Several single cell RNA-seq improvements have been described recently. Smart-seq2[5] includes modifications to increase cDNA yields, and high detection efficiencies have been reported in nanoliter volumes.[4,7] In addition, 5 random base barcodes on the TS oligo were demonstrated as a useful tool to correct PCR bias and to obtain absolute quantitation.[4] Establishing absolute yields and efficiencies for each transcript in a global approach is a difficult if not unachievable task. It is therefore very useful to have an independent means to establish absolute efficiencies and numbers. In the method described here, we use gene-specific primers for cDNA synthesis to avoid the inefficiencies of TS. In our hands, TS efficiency measurements with barcoded synthetic RNAs showed that of the cDNAs synthesized by RT, only ∼14–23% were strand-switched (Supporting Information, Figures S6 and S7). Furthermore, it has been shown that changes in amplification conditions significantly alter expression measurements and create large numbers of artifacts when using TS.[5,21] As an independent method, we directly barcode cDNAs using oligo-dT priming so that truncated cDNAs are still detectable (in contrast, TS requires full-length cDNA synthesis). Finally, we have employed well selected 21 nucleotide molecular barcodes that are unambiguous in sequencing, which can also be counted by hybridization.

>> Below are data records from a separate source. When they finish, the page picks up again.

lemma binomial_Suc_Suc_ratio:
  assumes "1 \<le> k" "1 \<le> p"
  shows "real ((p - 1) choose (k - 1)) / (real k * real (Suc k))
           = real (Suc p choose Suc k) / (real p * real (Suc p))"
proof -
  have "p * ((p - 1) choose (k - 1)) = (p choose k) * k"
    using Suc_times_binomial_eq[of "p - 1" "k - 1"] assms by simp
  then have "Suc p * p * ((p - 1) choose (k - 1)) = (Suc p choose Suc k) * Suc k * k"
    using Suc_times_binomial_eq[of p k] by (metis mult.assoc)
  then have "real (Suc p) * real p * real ((p - 1) choose (k - 1))
      = real (Suc p choose Suc k) * real (Suc k) * real k"
    by (metis of_nat_mult)
  then show ?thesis
    using assms by (simp add: divide_simps mult_ac del: binomial_Suc_Suc of_nat_Suc)
qed

lemma gamma_ratio_coeff_convolution:
  assumes "1 \<le> p"
  shows "(\<Sum>k=1..p-1. gamma_ratio_coeff k * ((- real k) gchoose (p - k)))
           = (-1) ^ Suc p / real p * (1/2 - (1/2) ^ p)"
proof -
  have summand: "gamma_ratio_coeff k * ((- real k) gchoose (p - k))
      = (-1) ^ p / (real p * real (Suc p)) * (real (Suc p choose Suc k) * bernpoly_gap (Suc k))"
    if "k \<in> {1..p-1}" for k
  proof -
    from that have k: "1 \<le> k" "k \<le> p" by auto
    have sign: "(-1::real) ^ k * (-1) ^ (p - k) = (-1) ^ p"
      using k by (simp add: power_add[symmetric])
    have "gamma_ratio_coeff k * ((- real k) gchoose (p - k))
        = ((-1) ^ k * (-1) ^ (p - k)) * bernpoly_gap (Suc k)
          * (real ((p - 1) choose (k - 1)) / (real k * real (Suc k)))"
      unfolding gamma_ratio_coeff_def gbinomial_minus_of_nat[OF k] by (simp add: mult_ac)
    also have "\<dots> = (-1) ^ p * bernpoly_gap (Suc k)
          * (real (Suc p choose Suc k) / (real p * real (Suc p)))"
      by (simp only: sign binomial_Suc_Suc_ratio[OF k(1) assms])
    finally show ?thesis
      by simp
  qed
  have "(\<Sum>k=1..p-1. gamma_ratio_coeff k * ((- real k) gchoose (p - k)))
      = (\<Sum>k=1..p-1. (-1) ^ p / (real p * real (Suc p))
          * (real (Suc p choose Suc k) * bernpoly_gap (Suc k)))"
    by (intro sum.cong refl summand)
  also have "\<dots> = (-1) ^ p / (real p * real (Suc p))
      * (\<Sum>k=1..p-1. real (Suc p choose Suc k) * bernpoly_gap (Suc k))"
    by (rule sum_distrib_left[symmetric])
  also have "\<dots> = (-1) ^ p / (real p * real (Suc p)) * (real (Suc p) * ((1/2) ^ p - 1/2))"
    by (simp only: bernpoly_gap_binomial_sum[OF assms])
  also have "\<dots> = (-1) ^ Suc p / real p * (1/2 - (1/2) ^ p)"
  proof -
    from assms have "real p \<noteq> 0" by simp
    have "(-1) ^ p / (real p * real (Suc p)) * (real (Suc p) * (h - 1/2))
        = (-1) ^ Suc p / real p * (1/2 - h)" for h :: real
      using \<open>real p \<noteq> 0\<close> by (simp add: divide_simps) (simp add: algebra_simps)
    then show ?thesis .
  qed
  finally show ?thesis .
qed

The use of both global RNA-seq and gene-targeted methods can be an effective way to interrogate single cells. Global RNA-seq provides a whole transcriptome view but at lower sensitivity and accuracy, and oversampling of high abundance genes can obscure detection of rare transcripts. Gene targeting provides efficient focus of sequencing bandwidth on desired transcripts, including those that are rare, and enables absolute quantitation with the highest sensitivity and accuracy when combined with MI. Future improvements are directed at optimizations to further improve RT yields (for example, by elevating reaction temperature to reduce secondary structure) and at increasing multiplexing to hundreds or thousands of genes, with sample indexing for more cells.